I wrote that, at the time, without understanding the importance of empathy. It shows in my own words: how can you understand how people define “comfortable and natural” without really getting to know them? That’s where research, empathy, understanding, and – let’s be honest – care comes in. A good interface is part of a caring experience, a respectful one.
Project managers tend to think of projects in terms of time, budget, resources and quality. That’s actually a pretty good framework for living. How close is that framework to what you’ve learned in applying UX theory to your own life?
It’s surprisingly close! In project terms, life is filled with restraints and requirements. Some can be worked around and some cannot.
While I can’t expand my overall timeline, I can definitely adjust the quality of the time I have. I can work with the resources I have… and I can also discover new resources, both inside of me and around me. Some of them may go away, like my ability to see reasonably well… that’s already a big restraint. Some of them can grow, like my circle of friends.
When it comes to budgets, it’s worth noting that beyond money, I need to budget my energy and attention too. Those are all limited, so it’s important that I focus on what matters most to me and the people I love.
Bonus Question: In your WebVisions bio you state: “(Paul) believes that design can solve problems, both big and small, that affect all of us.” It’s very true. What’s an example from past history that resonates with you? And if you could, project out and think of a way design could solve a problem — either a big, international problem or a small neighborhood issue or anywhere in between — that people are facing at this point in time.
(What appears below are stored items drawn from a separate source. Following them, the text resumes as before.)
(* There exists a pair of orientation preserving isometries $A,B$ of $\mathbb{H}^4$ which is linked by half-turns and such that there is neither a point, a line, a plane nor a hyperplane of $\mathbb{H}^4$ invariant under both $A$ and $B$.
   Context: A plane is a $2$-dimensional totally geodesic subspace of $\mathbb{H}^4$. For a plane $P$, the half-turn $H_P$ is the composition of reflections in two orthogonal hyperplanes intersecting in $P$. A pair $A,B$ is linked by half-turns if there are planes $\alpha,\beta,\delta$ with $A=H_\alpha H_\beta$ and $B=H_\beta H_\delta$. *)

theory Defs
  imports "HOL-Analysis.Analysis"
begin

text \<open>Hyperboloid model of hyperbolic 4-space inside Minkowski space R^{4,1}.
  Coordinate 0 is the time-like coordinate.\<close>

type_synonym vec5 = "real ^ 5"
type_synonym mat5 = "real ^ 5 ^ 5"

definition mink :: "vec5 \<Rightarrow> vec5 \<Rightarrow> real" where
  "mink x y = - (x $ 0 * y $ 0) + (\<Sum>i\<in>UNIV - {0}. x $ i * y $ i)"

definition hyp :: "vec5 set" where
  "hyp = {x. mink x x = -1 \<and> x $ 0 > 0}"

definition orient_isometry :: "mat5 \<Rightarrow> bool" where
  "orient_isometry M \<longleftrightarrow>
     (\<forall>x y. mink (M *v x) (M *v y) = mink x y) \<and> (\<lambda>x. M *v x) ` hyp \<subseteq> hyp \<and> det M > 0"

text \<open>k-dimensional totally geodesic subspace of H^4 (k = 0 point, 1 line, 2 plane,
  3 hyperplane): intersection of H^4 with a (k+1)-dimensional linear subspace meeting it.\<close>
definition geod_subspace :: "nat \<Rightarrow> vec5 set \<Rightarrow> bool" where
  "geod_subspace k S \<longleftrightarrow>
     (\<exists>V. subspace V \<and> dim V = k + 1 \<and> V \<inter> hyp \<noteq> {} \<and> S = V \<inter> hyp)"

definition is_plane :: "vec5 set \<Rightarrow> bool" where
  "is_plane P \<longleftrightarrow> geod_subspace 2 P"

text \<open>Reflection in the hyperplane {x \<in> H^4. mink x n = 0} for a space-like normal n.\<close>
definition refl_mat :: "vec5 \<Rightarrow> mat5" where
  "refl_mat n = (\<chi> i j. (if i = j then 1 else 0)
                    - 2 * n $ i * (if j = 0 then - n $ j else n $ j) / mink n n)"

definition hyperplane_of :: "vec5 \<Rightarrow> vec5 set" where
  "hyperplane_of n = {x \<in> hyp. mink x n = 0}"

definition is_half_turn :: "vec5 set \<Rightarrow> mat5 \<Rightarrow> bool" where
  "is_half_turn P H \<longleftrightarrow> is_plane P \<and>
     (\<exists>n1 n2. mink n1 n1 > 0 \<and> mink n2 n2 > 0 \<and> mink n1 n2 = 0 \<and>
        hyperplane_of n1 \<inter> hyperplane_of n2 = P \<and> H = refl_mat n1 ** refl_mat n2)"

definition linked_by_half_turns :: "mat5 \<Rightarrow> mat5 \<Rightarrow> bool" where
  "linked_by_half_turns A B \<longleftrightarrow>
     (\<exists>\<alpha> \<beta> \<delta> H\<alpha> H\<beta> H\<delta>. is_half_turn \<alpha> H\<alpha> \<and> is_half_turn \<beta> H\<beta> \<and> is_half_turn \<delta> H\<delta> \<and>
        A = H\<alpha> ** H\<beta> \<and> B = H\<beta> ** H\<delta>)"

definition invariant :: "mat5 \<Rightarrow> vec5 set \<Rightarrow> bool" where
  "invariant M S \<longleftrightarrow> (\<lambda>x. M *v x) ` S = S"

end

theory Submission imports Defs begin

text \<open>A half-turn is a product of reflections in two orthogonal hyperplanes, so it preserves
  the Minkowski form and the upper sheet of the hyperboloid; its determinant is positive because
  it is the square of an explicit rank-two perturbation of the identity. A product of two
  half-turns is therefore an orientation preserving isometry.

  For the explicit pair A, B below, A squared is the point reflection of H^4 in
  e0 = (1,0,0,0,0). If V \<inter> H^4 is A-invariant and contains p, then V also contains
  p + A^2 p, a positive multiple of e0, so e0 lies in V. The images of e0 under a few short words
  in A and B span R^5, so V is the whole space and no proper totally geodesic subspace is
  invariant under both A and B.\<close>

lemma exhaust_5:
  fixes i :: 5
  shows "i = 0 \<or> i = 1 \<or> i = 2 \<or> i = 3 \<or> i = 4"
proof (induct i)
  case (of_int z)
  then have "z = 0 \<or> z = 1 \<or> z = 2 \<or> z = 3 \<or> z = 4" by fastforce
  then show ?case by auto
qed

lemma forall_5: "(\<forall>i::5. P i) \<longleftrightarrow> P 0 \<and> P 1 \<and> P 2 \<and> P 3 \<and> P 4"
  by (metis exhaust_5)

lemma UNIV_5: "(UNIV :: 5 set) = {0, 1, 2, 3, 4}"
  using exhaust_5 by auto

lemma sum_UNIV_5: "sum f (UNIV :: 5 set) = f 0 + f 1 + f 2 + f 3 + f 4"
  unfolding UNIV_5 by (simp add: ac_simps)

subsection \<open>The Minkowski form\<close>

lemma mink_expand: "mink x y = - (x$0 * y$0) + x$1 * y$1 + x$2 * y$2 + x$3 * y$3 + x$4 * y$4"
proof -
  have "UNIV - {0::5} = {1, 2, 3, 4}" unfolding UNIV_5 by auto
  then show ?thesis unfolding mink_def by (simp add: ac_simps)
qed

lemma mink_commute: "mink x y = mink y x"
  by (simp add: mink_expand mult.commute)

lemma mink_bilinear:
  "mink x (y + z) = mink x y + mink x z" "mink x (y - z) = mink x y - mink x z"
  "mink x (c *\<^sub>R y) = c * mink x y"
  "mink (y + z) x = mink y x + mink z x" "mink (y - z) x = mink y x - mink z x"
  "mink (c *\<^sub>R y) x = c * mink y x"
  by (simp_all add: mink_expand algebra_simps)

definition mink_dual :: "vec5 \<Rightarrow> vec5" where
  "mink_dual n = (\<chi> j. if j = 0 then - n $ j else n $ j)"

lemma inner_mink_dual: "inner (mink_dual n) x = mink n x"
  by (simp add: inner_vec_def mink_dual_def sum_UNIV_5 mink_expand)

lemma sum_mink_dual: "(\<Sum>j\<in>UNIV. (if j = 0 then - n $ j else n $ j) * x $ j) = mink n x"
  using inner_mink_dual[of n x] by (simp add: inner_vec_def mink_dual_def)

text \<open>Reverse Cauchy-Schwarz inequality; the Euclidean part is bounded via Lagrange's identity.\<close>

lemma mink_pos_opposite_sheets:
  assumes x: "mink x x = -1" "x$0 > 0" and y: "mink y y = -1" "y$0 \<le> 0"
  shows "mink x y > 0"
proof -
  define s where "s = x$1 * y$1 + x$2 * y$2 + x$3 * y$3 + x$4 * y$4"
  have x_space: "x$1^2 + x$2^2 + x$3^2 + x$4^2 = x$0^2 - 1"
    using x by (simp add: mink_expand power2_eq_square)
  have y_space: "y$1^2 + y$2^2 + y$3^2 + y$4^2 = y$0^2 - 1"
    using y by (simp add: mink_expand power2_eq_square)
  have "s^2 \<le> (x$1^2 + x$2^2 + x$3^2 + x$4^2) * (y$1^2 + y$2^2 + y$3^2 + y$4^2)"
  proof -
    have "(x$1^2 + x$2^2 + x$3^2 + x$4^2) * (y$1^2 + y$2^2 + y$3^2 + y$4^2) - s^2
      = (x$1*y$2 - x$2*y$1)^2 + (x$1*y$3 - x$3*y$1)^2 + (x$1*y$4 - x$4*y$1)^2
        + (x$2*y$3 - x$3*y$2)^2 + (x$2*y$4 - x$4*y$2)^2 + (x$3*y$4 - x$4*y$3)^2"
      unfolding s_def power2_eq_square by (simp add: algebra_simps)
    then show ?thesis by (smt (verit) zero_le_power2)
  qed
  also have "\<dots> = (x$0 * y$0)^2 - x$0^2 - y$0^2 + 1"
    unfolding x_space y_space by (simp add: algebra_simps)
  also have "\<dots> < (x$0 * y$0)^2"
    using x_space y_space
    by (smt (verit) zero_le_power2)
  finally have "s^2 < (- (x$0 * y$0))^2" by simp
  moreover have "0 \<le> - (x$0 * y$0)" using x y by (simp add: mult_nonneg_nonpos)
  ultimately have "\<bar>s\<bar> < - (x$0 * y$0)"
    using power2_less_imp_less[of "\<bar>s\<bar>"] by simp
  then show ?thesis by (simp add: mink_expand s_def)
qed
An example I come back to often is the US highway system, probably because I drive to work each day. But it’s changed this country over the past 90 years: it’s increased mobility, ushered in entire new industries, and made road travel consistent and understandable. It’s definitely one of those less visible designs… until something goes wrong, like the problems that same highway system has created. I’m thinking about the massive environmental impact and our car-focused culture. But, I’m confident people can make those better as well.
Still, there are ways design can help even more people, and these are the things that weigh on my heart. I think of the fact that people on our planet starve, and people on our planet go without water. I think about domestic violence and the ways women are disrespected and abused. I don’t envision designers swooping in and fixing this arrogantly or independently… I see this as a bigger effort. But using our tools and resources to help address these serious problems is a start. And it starts with each of us being here, being present, and ready to help.